Na 18ª Região, em Goiás, aplicam-se as mesmas normas federais trabalhistas e processuais; o resultado depende da prova e do enquadramento de cada processo. A organização inicial ajuda a distinguir uma pendência documental de uma cobrança que também envolve diferenças, responsáveis adicionais ou insolvência empresarial.

Fontes

Referências oficiais usadas para conferir a base legal. A leitura das normas não substitui a análise individualizada.

Preciso enviar notificação antes de entrar com ação trabalhista?

A notificação extrajudicial não é requisito obrigatório para ajuizar a ação. Ela pode registrar a cobrança, confirmar dados bancários e produzir prova de que a empresa foi avisada, mas não substitui a análise dos documentos nem interrompe os prazos prescricionais.

A empresa não entregou as guias. Posso pedir FGTS e seguro-desemprego?

É possível pedir judicialmente a entrega dos documentos e, conforme as provas e a urgência, requerer providências para saque do FGTS, habilitação no seguro-desemprego ou indenização substitutiva. A Súmula 389 do TST reconhece que a falta da guia necessária ao seguro-desemprego pode gerar indenização, desde que o trabalhador preencha os requisitos do benefício.

A empresa fechou as portas. Ainda é possível cobrar?

O encerramento das atividades não elimina o crédito trabalhista.

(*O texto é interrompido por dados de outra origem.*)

(* For all finite sets of formulas $\Gamma,\Delta$: if $\Gamma\Vdash^{cf}\Delta$, then the sequent $\Gamma\Rightarrow\Delta$ is provable in $\mathsf{CLp}$.
   Context: Fix a countably infinite set $\mathsf{At}$ of atoms. Formulas are built from atoms and the constant $\bot$ using the binary connectives $\land,\lor,\to$. All contexts are finite sets (not multisets) of formulas; a comma denotes union; a subscript $\mathsf{At}$ indicates a finite set of atoms. An atomic sequent has the form $\Gamma_{\mathsf{At}} \Rightarrow \Delta_{\mathsf{At}}$. An atomic rule has finitely many (possibly zero) atomic sequents as premises and one atomic sequent as conclusion; a rule with zero premises is an atomic axiom. A base is a (possibly empty) set of atomic rules; $\mathcal{C}\supseteq\mathcal{B}$ ($\mathcal{C}$ extends $\mathcal{B}$) if $\mathcal{C}$ contains every rule of $\mathcal{B}$. Derivability $\vdash_{\mathcal{B}}$ of atomic sequents is the least relation such that: (Axiom/Weakening) if an atomic axiom with conclusion $\Gamma_{\mathsf{At}}\Rightarrow\Delta_{\mathsf{At}}$ is in $\mathcal{B}$, then $\vdash_{\mathcal{B}} \Theta_{\mathsf{At}},\Gamma_{\mathsf{At}}\Rightarrow\Delta_{\mathsf{At}},\Sigma_{\mathsf{At}}$ for all sets of atoms $\Theta_{\mathsf{At}},\Sigma_{\mathsf{At}}$; (Mix) if a rule with premises $\Gamma^i_{\mathsf{At}}\Rightarrow\Delta^i_{\mathsf{At}}$ ($1\le i\le n$) and conclusion $\Gamma_{\mathsf{At}}\Rightarrow\Delta_{\mathsf{At}}$ is in $\mathcal{B}$ and $\vdash_{\mathcal{B}} \Theta^i_{\mathsf{At}},\Gamma^i_{\mathsf{At}}\Rightarrow\Delta^i_{\mathsf{At}},\Sigma^i_{\mathsf{At}}$ for each $i$, then $\vdash_{\mathcal{B}} \Theta^1_{\mathsf{At}},\dots,\Theta^n_{\mathsf{At}},\Gamma_{\mathsf{At}}\Rightarrow\Delta_{\mathsf{At}},\Sigma^1_{\mathsf{At}},\dots,\Sigma^n_{\mathsf{At}}$. Support $\Vdash_{\mathcal{B}}$: (At) $\Vdash_{\mathcal{B}}\Gamma_{\mathsf{At}}$ iff $\vdash_{\mathcal{B}}\ \Rightarrow\Gamma_{\mathsf{At}}$; ($\land$) $\Vdash_{\mathcal{B}} A\land B,\Gamma$ iff $\Vdash_{\mathcal{B}}A,\Gamma$ and $\Vdash_{\mathcal{B}}B,\Gamma$; ($\lor$) $\Vdash_{\mathcal{B}}A\lor B,\Gamma$ iff $\Vdash_{\mathcal{B}}A,B,\Gamma$; ($\to$) $\Vdash_{\mathcal{B}}A\to B,\Gamma$ iff $A\Vdash_{\mathcal{B}}B,\Gamma$; ($\bot$) $\Vdash_{\mathcal{B}}\bot,\Gamma$ iff $\Vdash_{\mathcal{B}}\Gamma$; (Inf) for $n\ge1$, $\{A^1,\dots,A^n\}\Vdash_{\mathcal{B}}\Delta$ iff for every $\mathcal{C}\supseteq\mathcal{B}$ and all sets of atoms $\Theta^1_{\mathsf{At}},\dots,\Theta^n_{\mathsf{At}}$, if $\Vdash_{\mathcal{C}}\Theta^i_{\mathsf{At}},A^i$ for all $i$ then $\Vdash_{\mathcal{C}}\Theta^1_{\mathsf{At}},\dots,\Theta^n_{\mathsf{At}},\Delta$ (and $\varnothing\Vdash_{\mathcal{B}}\Delta$ means $\Vdash_{\mathcal{B}}\Delta$). The atomic identity rule $\mathsf{Ainit}$ is the atomic axiom $\Gamma_{\mathsf{At}},p\Rightarrow p,\Delta_{\mathsf{At}}$. $\mathcal{HS}$ is the base consisting of all instances of $\mathsf{Ainit}$. Cut-free validity: $\Gamma\Vdash^{cf}\Delta$ iff $\Gamma\Vdash_{\mathcal{B}}\Delta$ for every base $\mathcal{B}\supseteq\mathcal{HS}$. $\mathsf{CLp}$ is the sequent calculus on sequents $\Gamma\Rightarrow\Delta$ (finite sets of formulas) with rules: $\mathsf{init}$: $\Gamma,A\Rightarrow A,\Delta$; $L\bot$: $\Gamma,\bot\Rightarrow\Delta$; $R\bot$: from $\Gamma\Rightarrow\Delta$ infer $\Gamma\Rightarrow\bot,\Delta$; $L\land$: from $A,B,\Gamma\Rightarrow\Delta$ infer $A\land B,\Gamma\Rightarrow\Delta$; $R\land$: from $\Gamma\Rightarrow\Delta,A$ and $\Gamma'\Rightarrow\Delta',B$ infer $\Gamma,\Gamma'\Rightarrow\Delta,\Delta',A\land B$; $L\lor$: from $A,\Gamma\Rightarrow\Delta$ and $B,\Gamma'\Rightarrow\Delta'$ infer $A\lor B,\Gamma,\Gamma'\Rightarrow\Delta,\Delta'$; $R\lor$: from $\Gamma\Rightarrow\Delta,A,B$ infer $\Gamma\Rightarrow\Delta,A\lor B$; $L\to$: from $\Gamma\Rightarrow\Delta,A$ and $B,\Gamma'\Rightarrow\Delta'$ infer $A\to B,\Gamma,\Gamma'\Rightarrow\Delta,\Delta'$; $R\to$: from $A,\Gamma\Rightarrow\Delta,B$ infer $\Gamma\Rightarrow\Delta,A\to B$. *)

theory Defs
  imports Main
begin

datatype form = Atom nat | Bot | Conj form form | Disj form form | Imp form form

type_synonym aseq = "nat set \<times> nat set"
type_synonym arule = "aseq list \<times> aseq"

definition fin_aseq :: "aseq \<Rightarrow> bool" where
  "fin_aseq s \<longleftrightarrow> finite (fst s) \<and> finite (snd s)"

definition atomic_rule :: "arule \<Rightarrow> bool" where
  "atomic_rule r \<longleftrightarrow> (\<forall>s\<in>set (fst r). fin_aseq s) \<and> fin_aseq (snd r)"

definition base :: "arule set \<Rightarrow> bool" where
  "base B \<longleftrightarrow> (\<forall>r\<in>B. atomic_rule r)"

inductive derivable :: "arule set \<Rightarrow> aseq \<Rightarrow> bool" for B where
  axiom_weak: "([], (G, D)) \<in> B \<Longrightarrow> finite Th \<Longrightarrow> finite Sg \<Longrightarrow>
     derivable B (Th \<union> G, D \<union> Sg)"
| mix: "(ps, (G, D)) \<in> B \<Longrightarrow> length Ths = length ps \<Longrightarrow> length Sgs = length ps \<Longrightarrow>
     (\<forall>i<length ps. finite (Ths ! i) \<and> finite (Sgs ! i) \<and>
        derivable B (Ths ! i \<union> fst (ps ! i), snd (ps ! i) \<union> Sgs ! i)) \<Longrightarrow>
     derivable B (\<Union> (set Ths) \<union> G, D \<union> \<Union> (set Sgs))"

fun wt :: "form \<Rightarrow> nat" where
  "wt (Atom p) = 0"
| "wt Bot = 1"
| "wt (Conj A B) = Suc (wt A + wt B)"
| "wt (Disj A B) = Suc (wt A + wt B)"
| "wt (Imp A B) = Suc (wt A + wt B)"

definition cwt :: "form set \<Rightarrow> nat" where
  "cwt G = (\<Sum>A\<in>G. wt A)"

fun is_atom :: "form \<Rightarrow> bool" where
  "is_atom (Atom p) = True"
| "is_atom _ = False"

definition pick :: "form set \<Rightarrow> form" where
  "pick G = (SOME A. A \<in> G \<and> \<not> is_atom A)"

lemma pick_in:
  assumes "\<exists>A\<in>G. \<not> is_atom A"
  shows "pick G \<in> G \<and> \<not> is_atom (pick G)"
proof -
  from assms have "\<exists>A. A \<in> G \<and> \<not> is_atom A" by blast
  then have "(SOME A. A \<in> G \<and> \<not> is_atom A) \<in> G \<and> \<not> is_atom (SOME A. A \<in> G \<and> \<not> is_atom A)"
    by (rule someI_ex)
  then show ?thesis unfolding pick_def .
qed

lemma wt_pos: "\<not> is_atom A \<Longrightarrow> 0 < wt A"
  by (cases A) auto

lemma cwt_remove:
  assumes "finite G" "A \<in> G"
  shows "cwt G = wt A + cwt (G - {A})"
  unfolding cwt_def using assms by (simp add: sum.remove)

lemma cwt_insert_le:
  assumes "finite G"
  shows "cwt (insert A G) \<le> wt A + cwt G"
  using assms unfolding cwt_def by (cases "A \<in> G") (simp_all add: insert_absorb)

lemma cwt_atoms:
  assumes "finite Th" "finite S"
  shows "cwt (Atom ` Th \<union> S) = cwt S"
proof -
  have "cwt (Atom ` Th \<union> S) = cwt (Atom ` Th - S) + cwt S"
  proof -
    have eq: "Atom ` Th \<union> S = (Atom ` Th - S) \<union> S" by blast
    have "finite (Atom ` Th - S)" using assms by simp
    moreover have "(Atom ` Th - S) \<inter> S = {}" by blast
    ultimately show ?thesis unfolding cwt_def eq
      using assms(2) sum.union_disjoint[of "Atom ` Th - S" S wt] by simp
  qed
  moreover have "cwt (Atom ` Th - S) = 0" unfolding cwt_def by (auto intro!: sum.neutral)
  ultimately show ?thesis by simp
qed

text \<open>The support relation for a base B and a (finite) set of formulas G
  (read as a context on the right):
  (At) if G consists of atoms only, it is supported iff the atomic sequent
       with empty antecedent and succedent G is derivable in B;
  otherwise a non-atomic formula of G is decomposed according to the clauses
  (bot), (and), (or), (imp), where in (imp) the judgement  X |= Y, R  is unfolded
  by clause (Inf) with n = 1.  Contexts are sets; the formula being decomposed is
  removed from the rest of the context R.
  The recursion is well-founded on cwt (the non-atomic weight of the context);
  technically we define it with a fuel argument n and then supply fuel
  Suc (cwt G), which always suffices (every recursive call lowers cwt), cf.
  lemma supp_unfold below.\<close>

primrec supp_fuel :: "nat \<Rightarrow> arule set \<Rightarrow> form set \<Rightarrow> bool" where
  "supp_fuel 0 B G = False"
| "supp_fuel (Suc n) B G =
    (if \<not> finite G then False
     else if \<forall>A\<in>G. is_atom A then derivable B ({}, {p. Atom p \<in> G})
     else (let A = pick G; R = G - {A} in
       (case A of
          Bot \<Rightarrow> supp_fuel n B R
        | Conj X Y \<Rightarrow> supp_fuel n B (insert X R) \<and> supp_fuel n B (insert Y R)
        | Disj X Y \<Rightarrow> supp_fuel n B (insert X (insert Y R))
        | Imp X Y \<Rightarrow>
            (\<forall>C Th. base C \<longrightarrow> B \<subseteq> C \<longrightarrow> finite Th \<longrightarrow>
               supp_fuel n C (Atom ` Th \<union> {X}) \<longrightarrow> supp_fuel n C (Atom ` Th \<union> insert Y R))
        | Atom p \<Rightarrow> False)))"

definition supp :: "arule set \<Rightarrow> form set \<Rightarrow> bool" where
  "supp B G = supp_fuel (Suc (cwt G)) B G"

text \<open>G |=_B D.  For nonempty G = {A1,...,An}, the atom sets Theta^i are indexed
  by the formulas of G themselves (the A^i are distinct elements of a set).\<close>

definition infer :: "arule set \<Rightarrow> form set \<Rightarrow> form set \<Rightarrow> bool" where
  "infer B G D =
    (if G = {} then supp B D
     else (\<forall>C Th. base C \<longrightarrow> B \<subseteq> C \<longrightarrow>
             (\<forall>A\<in>G. finite (Th A) \<and> supp C (Atom ` Th A \<union> {A})) \<longrightarrow>
             supp C (Atom ` (\<Union>A\<in>G. Th A) \<union> D)))"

A cobrança pode envolver patrimônio da empresa, sucessão empresarial, empresas de grupo econômico ou, após o procedimento próprio, responsabilidade de sócios; o caminho depende dos fatos e das provas disponíveis.

Os sócios respondem automaticamente pela dívida trabalhista?

Não automaticamente. A inclusão de sócios pode exigir o incidente de desconsideração da personalidade jurídica previsto no art. 855-A da CLT, com aplicação dos arts. 133 a 137 do CPC, direito de defesa e decisão judicial antes da constrição de bens pessoais.

O sócio que saiu da empresa também pode responder?

Pode responder em condições específicas. O art. 10-A da CLT prevê responsabilidade subsidiária pelas obrigações do período em que integrou a sociedade, em ação ajuizada até dois anos após a averbação da saída, observada a ordem legal; fraude comprovada pode alterar essa responsabilidade.

O que muda se a empresa estiver em recuperação judicial ou falência?

A Justiça do Trabalho pode reconhecer e liquidar o crédito, enquanto atos de pagamento seguem as regras do juízo da recuperação ou da falência. Na falência, o art. 83, I, da Lei 11.101/2005 dá preferência ao crédito trabalhista até 150 salários mínimos por credor, classificando o excedente como quirografário; a Súmula 388 do TST afasta as multas dos arts. 467 e 477 apenas da massa falida.